Метрдотель поставил торт на письменный стол и повернулся к двери.
Однако Эмиль не хотел оставлять эту ситуацию без объяснений.
– Александр Ильич, – спросил он. – Скажи, что ты делал в кладовке?
– В кладовке? – проговорил граф. – Ну, как же… конечно… – и замолк.
Андрей улыбнулся и сделал жест рукой, как бы говоря, что мир – огромен и прекрасен и ведут в нем себя люди по-разному.
Эмиль посмотрел на Андрея и нахмурился, словно хотел сказать: «Ерунда! Я хочу знать, что он в кладовке делал!»
Граф посмотрел на друзей.
– Да что же это со мной такое?! – воскликнул он. – Софья будет рада вас видеть. Пожалуйста, проходите.
И он показал рукой на дверь кладовки.
Эмиль посмотрел на графа, словно тот сошел с ума, однако Андрей спокойно принял предложение Ростова, взял торт и сделал шаг в сторону кладовки.

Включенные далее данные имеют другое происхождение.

text \<open>By additivity it suffices to check that the joint kernel is trivial, and with
  enough projectives only on test objects that are projective.\<close>

lemma jointly_monicI_projectives:
  assumes pa: "preadditive C" and ep: "enough_projectives C"
    and g: "g \<in> hom C A X" and h: "h \<in> hom C A Y"
    and kernel: "\<And>P d. projective C P \<Longrightarrow> d \<in> hom C P A \<Longrightarrow>
        cmp C g d = zro C P X \<Longrightarrow> cmp C h d = zro C P Y \<Longrightarrow> d = zro C P A"
  shows "jointly_monic C g h"
  unfolding jointly_monic_def
proof (intro allI impI, elim conjE)
  fix D \<alpha> \<beta>
  assume \<alpha>: "\<alpha> \<in> hom C D (src C g)" and \<beta>: "\<beta> \<in> hom C D (src C g)"
    and eq_g: "cmp C g \<alpha> = cmp C g \<beta>" and eq_h: "cmp C h \<alpha> = cmp C h \<beta>"
  have src_g: "src C g = A"
    using g by (simp add: hom_def)
  define d where "d = sbt C \<alpha> \<beta>"
  have dH: "d \<in> hom C D A"
    unfolding d_def using sbt_hom[OF pa] \<alpha> \<beta> src_g by simp
  have gd: "cmp C g d = zro C D X" and hd: "cmp C h d = zro C D Y"
    using cmp_eq_iff_cmp_sbt_zro[OF pa _ _ g, of \<alpha> D \<beta>]
      cmp_eq_iff_cmp_sbt_zro[OF pa _ _ h, of \<alpha> D \<beta>] \<alpha> \<beta> src_g eq_g eq_h
    unfolding d_def by auto
  have "d = zro C D A"
  proof (rule zro_if_zro_on_projectives[OF pa ep dH])
    fix P e
    assume P: "projective C P" and e: "e \<in> hom C P D"
    have "cmp C g (cmp C d e) = zro C P X" and "cmp C h (cmp C d e) = zro C P Y"
      using cmp_assoc[OF cat[OF pa] e dH g] cmp_assoc[OF cat[OF pa] e dH h] gd hd
        cmp_zro_left[OF pa e] hom_obj[OF cat[OF pa] g] hom_obj[OF cat[OF pa] h] by auto
    then show "cmp C d e = zro C P A"
      using kernel[OF P cmp_hom[OF cat[OF pa] e dH]] by blast
  qed
  then show "\<alpha> = \<beta>"
    using eq_iff_sbt_zro[OF pa] \<alpha> \<beta> src_g unfolding d_def by simp
qed

lemma jointly_monic_ngt:
  assumes pa: "preadditive C" and g: "g \<in> hom C A X"
  shows "jointly_monic C (ngt C g) h \<longleftrightarrow> jointly_monic C g h"
proof -
  have "cmp C (ngt C g) \<alpha> = cmp C (ngt C g) \<beta> \<longleftrightarrow> cmp C g \<alpha> = cmp C g \<beta>"
    if "\<alpha> \<in> hom C D A" "\<beta> \<in> hom C D A" for D \<alpha> \<beta>
    using cmp_ngt_left[OF pa g] that ngt_ngt[OF pa] cmp_hom[OF cat[OF pa] _ g] by metis
  moreover have "src C (ngt C g) = src C g"
    using ngt_hom[OF pa g] g by (simp add: hom_def)
  ultimately show ?thesis
    using g unfolding jointly_monic_def hom_def by (smt (verit) mem_Collect_eq)
qed

section \<open>Columns into a biproduct\<close>

text \<open>For a biproduct S of X and Y, the column of u : A -> X and v : A -> Y is
  i1.u + i2.v : A -> S.  Composition acts componentwise on columns, and a column is
  determined by its components; hence a column is mono iff its components are
  jointly monic.\<close>

context
  fixes C :: "('o, 'm, 'x) acat_scheme" and X Y S :: 'o and i1 i2 p1 p2 :: 'm
  assumes pa: "preadditive C"
    and bp: "is_biproduct C X Y S i1 i2 p1 p2"
begin

lemma biproduct_homs:
  "i1 \<in> hom C X S" "i2 \<in> hom C Y S" "p1 \<in> hom C S X" "p2 \<in> hom C S Y"
  using bp by (simp_all add: is_biproduct_def)

lemma column_hom:
  "u \<in> hom C A X \<Longrightarrow> v \<in> hom C A Y \<Longrightarrow> pls C (cmp C i1 u) (cmp C i2 v) \<in> hom C A S"
  using pls_hom[OF pa] cmp_hom[OF cat[OF pa]] biproduct_homs by blast

lemma column_cmp:
  assumes u: "u \<in> hom C A X" and v: "v \<in> hom C A Y" and d: "d \<in> hom C D A"
  shows "cmp C (pls C (cmp C i1 u) (cmp C i2 v)) d
         = pls C (cmp C i1 (cmp C u d)) (cmp C i2 (cmp C v d))"
  using cmp_pls_left[OF pa d] cmp_hom[OF cat[OF pa] u] cmp_hom[OF cat[OF pa] v]
    cmp_assoc[OF cat[OF pa] d u] cmp_assoc[OF cat[OF pa] d v] biproduct_homs by metis

lemma column_components:
  assumes u: "u \<in> hom C D X" and v: "v \<in> hom C D Y"
  shows "cmp C p1 (pls C (cmp C i1 u) (cmp C i2 v)) = u"
    and "cmp C p2 (pls C (cmp C i1 u) (cmp C i2 v)) = v"
proof -
  note ct = cat[OF pa] and homs = biproduct_homs
  have i1u: "cmp C i1 u \<in> hom C D S" and i2v: "cmp C i2 v \<in> hom C D S"
    using cmp_hom[OF ct u homs(1)] cmp_hom[OF ct v homs(2)] by auto
  have objs: "X \<in> obj C" "Y \<in> obj C"
    using hom_obj[OF ct u] hom_obj[OF ct v] by auto
  have "cmp C p1 (pls C (cmp C i1 u) (cmp C i2 v))
        = pls C (cmp C (cmp C p1 i1) u) (cmp C (cmp C p1 i2) v)"
    using cmp_pls_right[OF pa i1u i2v homs(3)] cmp_assoc[OF ct u homs(1,3)]
      cmp_assoc[OF ct v homs(2,3)] by simp
  also have "\<dots> = pls C u (zro C D X)"
    using bp cmp_idn_left[OF ct u] cmp_zro_left[OF pa v objs(1)]
    unfolding is_biproduct_def by simp
  finally show "cmp C p1 (pls C (cmp C i1 u) (cmp C i2 v)) = u"
    using add_zero[OF pa u] by simp
  have "cmp C p2 (pls C (cmp C i1 u) (cmp C i2 v))
        = pls C (cmp C (cmp C p2 i1) u) (cmp C (cmp C p2 i2) v)"
    using cmp_pls_right[OF pa i1u i2v homs(4)] cmp_assoc[OF ct u homs(1,4)]
      cmp_assoc[OF ct v homs(2,4)] by simp
  also have "\<dots> = pls C (zro C D Y) v"
    using bp cmp_idn_left[OF ct v] cmp_zro_left[OF pa u objs(2)]
    unfolding is_biproduct_def by simp
  finally show "cmp C p2 (pls C (cmp C i1 u) (cmp C i2 v)) = v"
    using zero_add[OF pa v] by simp
qed

lemma mono_column_iff_jointly_monic:
  assumes u: "u \<in> hom C A X" and v: "v \<in> hom C A Y"
  shows "is_mono C (pls C (cmp C i1 u) (cmp C i2 v)) \<longleftrightarrow> jointly_monic C u v"
proof -
  let ?m = "pls C (cmp C i1 u) (cmp C i2 v)"
  have "cmp C ?m \<alpha> = cmp C ?m \<beta> \<longleftrightarrow> cmp C u \<alpha> = cmp C u \<beta> \<and> cmp C v \<alpha> = cmp C v \<beta>"
    if "\<alpha> \<in> hom C D A" "\<beta> \<in> hom C D A" for D \<alpha> \<beta>
    using column_cmp[OF u v] column_components cmp_hom[OF cat[OF pa] _ u]
      cmp_hom[OF cat[OF pa] _ v] that by metis
  moreover have "?m \<in> hom C A S" and "src C u = A"
    using column_hom[OF u v] u by (auto simp: hom_def)
  ultimately show ?thesis
    unfolding is_mono_def jointly_monic_def hom_def by (smt (verit) mem_Collect_eq)
qed

end

section \<open>Faithfulness in the 2-category of projective presentations\<close>

lemma two_cells_agree_on_a:
  "two_cell C x a g h \<alpha> \<Longrightarrow> two_cell C x a g h \<beta> \<Longrightarrow> cmp C a \<alpha> = cmp C a \<beta>"
  unfolding two_cell_def by (elim conjE) simp

lemma zero_two_cell_iff:
  assumes pa: "preadditive C" and a: "a \<in> hom C A1 A0" and P: "P \<in> obj C"
  shows "two_cell C (zro C P P) a (zro C P A0, zro C P A1) (zro C P A0, zro C P A1) d
         \<longleftrightarrow> d \<in> hom C P A1 \<and> cmp C a d = zro C P A0"
proof -
  note ct = cat[OF pa]
  have objs: "A0 \<in> obj C" "A1 \<in> obj C"
    using hom_obj[OF ct a] by auto
  have zP: "zro C P P \<in> hom C P P" and z0: "zro C P A0 \<in> hom C P A0"
    and z1: "zro C P A1 \<in> hom C P A1"
    using zro_hom[OF pa] P objs by auto
  have ends: "src C (zro C P P) = P" "tgt C (zro C P P) = P" "src C a = A1" "tgt C a = A0"
    using zP a by (auto simp: hom_def)
  have "amor C (zro C P P) a (zro C P A0, zro C P A1)"
    unfolding amor_def using z0 z1 ends cmp_zro_right[OF pa a P] cmp_zro_left[OF pa zP objs(1)]
    by simp
  moreover have "cmp C d (zro C P P) = zro C P A1" if "d \<in> hom C P A1"
    using cmp_zro_right[OF pa that P] .
  ultimately show ?thesis
    unfolding two_cell_def ends fst_conv snd_conv sbt_self[OF pa z0] sbt_self[OF pa z1]
    by metis
qed

lemma faithful_c_iff_jointly_monic:
  assumes pa: "preadditive C" and ep: "enough_projectives C"
    and a: "cobj C a" and f1: "f1 \<in> hom C (src C a) B1"
  shows "faithful_c C a b (f0, f1) \<longleftrightarrow> jointly_monic C a f1"
proof
  assume faithful: "faithful_c C a b (f0, f1)"
  define A0 A1 where "A0 = tgt C a" and "A1 = src C a"
  have aH: "a \<in> hom C A1 A0"
    using a by (simp add: cobj_def hom_def A0_def A1_def)
  show "jointly_monic C a f1"
  proof (rule jointly_monicI_projectives[OF pa ep aH f1[folded A1_def]])
    fix P d
    assume P: "projective C P" and d: "d \<in> hom C P A1"
      and ad: "cmp C a d = zro C P A0" and fd: "cmp C f1 d = zro C P B1"
    have Pobj: "P \<in> obj C"
      using P by (simp add: projective_def)
    have zero_obj: "cobj C (zro C P P)"
      using zro_hom[OF pa Pobj Pobj] P by (simp add: cobj_def hom_def)
    have z1: "zro C P A1 \<in> hom C P A1"
      using zro_hom[OF pa Pobj] hom_obj[OF cat[OF pa] aH] by simp
    have "cmp C f1 (zro C P A1) = zro C P B1"
      using cmp_zro_right[OF pa f1[folded A1_def] Pobj] .
    then show "d = zro C P A1"
      using faithful zero_obj zero_two_cell_iff[OF pa aH Pobj] d ad z1 fd
        cmp_zro_right[OF pa aH Pobj] unfolding faithful_c_def by (metis snd_conv)
  qed
next
  assume "jointly_monic C a f1"
  then show "faithful_c C a b (f0, f1)"
    unfolding faithful_c_def jointly_monic_def two_cell_def
    using two_cells_agree_on_a by (metis snd_conv)
qed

– Если ты собираешь туда входить, то, пожалуйста, будь осторожен, глазурь рукавами не размажь, – предупредил Эмиль.
Метрдотель передал торт шеф-повару и длинными пальцами осторожно раздвинул в стороны висевшие там пиджаки.
Андрей очутился в кабинете графа, в котором никогда раньше не был. Но тут он увидел Софью, воскликнул: Notre champion!, взял ее за руки и расцеловал в обе щеки. Эмиль тоже никогда до этого не был в тайном кабинете графа, но его больше всего поразило то, что в нем он увидел кинозвезду Анну Урбанову. Эмиль не рассказывал своим друзьям о том, что видел все фильмы, в которых она снималась.

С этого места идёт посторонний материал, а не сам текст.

lemma the_mat_inverse_spectral_mat:
  assumes U: "orthogonal_fun n U" and f: "\<And>k. k < n \<Longrightarrow> f k \<noteq> 0"
  shows "the (mat_inverse (spectral_mat n U f)) = spectral_mat n U (\<lambda>k. 1 / f k)"
proof -
  define A where "A = spectral_mat n U f"
  define G where "G = spectral_mat n U (\<lambda>k. 1 / f k)"
  have "G * A = spectral_mat n U (\<lambda>k. 1)" "A * G = spectral_mat n U (\<lambda>k. 1)"
    unfolding A_def G_def spectral_mat_mult[OF U] using f by (auto intro: spectral_mat_cong)
  then have GA: "G * A = 1\<^sub>m n" and AG: "A * G = 1\<^sub>m n"
    using spectral_mat_one[OF U] by auto
  have A: "A \<in> carrier_mat n n" and G: "G \<in> carrier_mat n n"
    unfolding A_def G_def by simp_all
  have "A \<in> Units (ring_mat TYPE(real) n ())"
    unfolding Units_def ring_mat_def using A G GA AG by auto
  then obtain H where H: "mat_inverse A = Some H"
    using mat_inverse(1)[OF A, where b="()"] by fastforce
  then have AH: "A * H = 1\<^sub>m n" and H': "H \<in> carrier_mat n n"
    using mat_inverse(2)[OF A H] by auto
  have "H = G * A * H"
    using GA H' by simp
  also have "\<dots> = G * (A * H)"
    by (rule assoc_mult_mat[OF G A H'])
  also have "\<dots> = G"
    using AH G by simp
  finally show ?thesis
    unfolding A_def[symmetric] G_def[symmetric] H by simp
qed

lemma spectral_mat_col_norm:
  assumes U: "orthogonal_fun n U" and j: "j < n"
  shows "(\<Sum>i<n. (spectral_mat n U f $$ (i, j))\<^sup>2) = (\<Sum>k<n. (U j k)\<^sup>2 * (f k)\<^sup>2)"
proof -
  have "(\<Sum>i<n. (spectral_mat n U f $$ (i, j))\<^sup>2)
      = (spectral_mat n U f * spectral_mat n U f) $$ (j, j)"
    using j by (subst index_mult_mat_sum[of _ n n])
      (auto simp: power2_eq_square spectral_mat_index mult_ac intro!: sum.cong)
  also have "\<dots> = (\<Sum>k<n. (U j k)\<^sup>2 * (f k)\<^sup>2)"
    using j by (simp add: spectral_mat_mult[OF U] spectral_mat_index power2_eq_square mult_ac)
  finally show ?thesis .
qed
text \<open>Separable: nonnegative (finite) combination of tensor products of PSD operators
on the factors.  The tensor product of A_0, ..., A_{m-1} has matrix entries
prod_k A_k (i!k) (j!k).\<close>
definition separable :: "nat list \<Rightarrow> nat list op \<Rightarrow> bool" where
  "separable dims P \<longleftrightarrow>
     (\<exists>(n::nat) (c :: nat \<Rightarrow> real) (A :: nat \<Rightarrow> nat \<Rightarrow> nat op).
        (\<forall>l<n. c l \<ge> 0 \<and> (\<forall>k<length dims. psd_on {..<dims ! k} (A l k))) \<and>
        (\<forall>i\<in>tidx dims. \<forall>j\<in>tidx dims.
            P i j = (\<Sum>l<n. of_real (c l) * (\<Prod>k<length dims. A l k (i ! k) (j ! k)))))"

text \<open>d(sigma) = min Tr(P)/Tr(sigma P) over separable PSD P with Tr(sigma P) > 0 and
0 \<le> P/Tr(sigma P) \<le> I.  (Tr(sigma P) is real for PSD sigma, P.)\<close>
definition dval :: "nat list \<Rightarrow> nat list op \<Rightarrow> real" where
  "dval dims \<sigma> = Inf {Re (tr (tidx dims) P) / Re (tr (tidx dims) (opmul (tidx dims) \<sigma> P)) | P.
       separable dims P \<and> psd_on (tidx dims) P \<and>
       Re (tr (tidx dims) (opmul (tidx dims) \<sigma> P)) > 0 \<and>
       (let t = Re (tr (tidx dims) (opmul (tidx dims) \<sigma> P)) in
          psd_on (tidx dims) (\<lambda>i j. P i j / of_real t) \<and>
          psd_on (tidx dims) (\<lambda>i j. idop i j - P i j / of_real t))}"

end

theory Submission
  imports Defs "Jordan_Normal_Form.Jordan_Normal_Form_Existence"
begin

(* Let P be feasible for sigma, with t = Tr(sigma P) > 0.  Then
   R = I - P/t is positive semidefinite and Tr(sigma R) = Tr sigma - Tr(sigma P)/t = 0.
   For positive semidefinite S and R one has Tr(S R) = 0 exactly when R annihilates the
   support of S: writing S = sum_k lambda_k u_k u_k^* with lambda_k > 0 and orthonormal u_k,
   Tr(S R) = sum_k lambda_k <u_k, R u_k> is a sum of nonnegative terms, and a vanishing
   quadratic form <u, R u> of a PSD operator forces R u = 0.  Since sigma and sigma'' have the
   same support, also Tr(sigma'' R) = 0, i.e. Tr(sigma'' P) = t.  Hence sigma and sigma'' have
   the same feasible operators with the same objective values, and d(sigma'') = d(sigma). *)

definition ip :: "'i set \<Rightarrow> ('i \<Rightarrow> complex) \<Rightarrow> ('i \<Rightarrow> complex) \<Rightarrow> complex" where
  "ip I u v = (\<Sum>i\<in>I. cnj (u i) * v i)"

lemma ip_cnj_swap: "ip I y x = cnj (ip I x y)"
  unfolding ip_def by (simp add: mult.commute)

lemma ip_self: "ip I x x = of_real (\<Sum>i\<in>I. (cmod (x i))\<^sup>2)"
proof -
  have "cnj z * z = of_real ((cmod z)\<^sup>2)" for z
    using complex_norm_square[of z] by (simp add: mult.commute)
  thus ?thesis unfolding ip_def of_real_sum by simp
qed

Заметив, что присутствие актрисы произвело на Эмиля сильное впечатление, Андрей на всякий случай подошел поближе к шеф-повару, чтобы при необходимости поймать торт. Но на этот раз рука Эмиля не дрогнула. Он решительно протянул торт Анне, словно испек его именно для нее.
– Спасибо большое, – сказала Анна. – Но разве торт не для Софьи?
Эмиль покраснел и повернулся с тортом в сторону Софьи.
– Я испек твой любимый торт, – сказал он. – «Добош» с шоколадным кремом.
– Спасибо, дядя Эмиль.
– Он сделан в виде пианино, – добавил шеф-повар.
Потом он достал нож, висевший на веревочке под фартуком, и принялся резать торт, а Ростов вынул из «посла» еще два бокала и налил в них шампанское. Историю победы Софьи рассказали вторично, и на этот раз Анна сравнила игру девушки на пианино с мастерством изготовителя торта. Шеф-повар начал объяснять актрисе тонкости приготовления «Добоша», а Андрей вспомнил о том, что был в спальне графа много лет назад, сразу после того, как тот переехал на чердак.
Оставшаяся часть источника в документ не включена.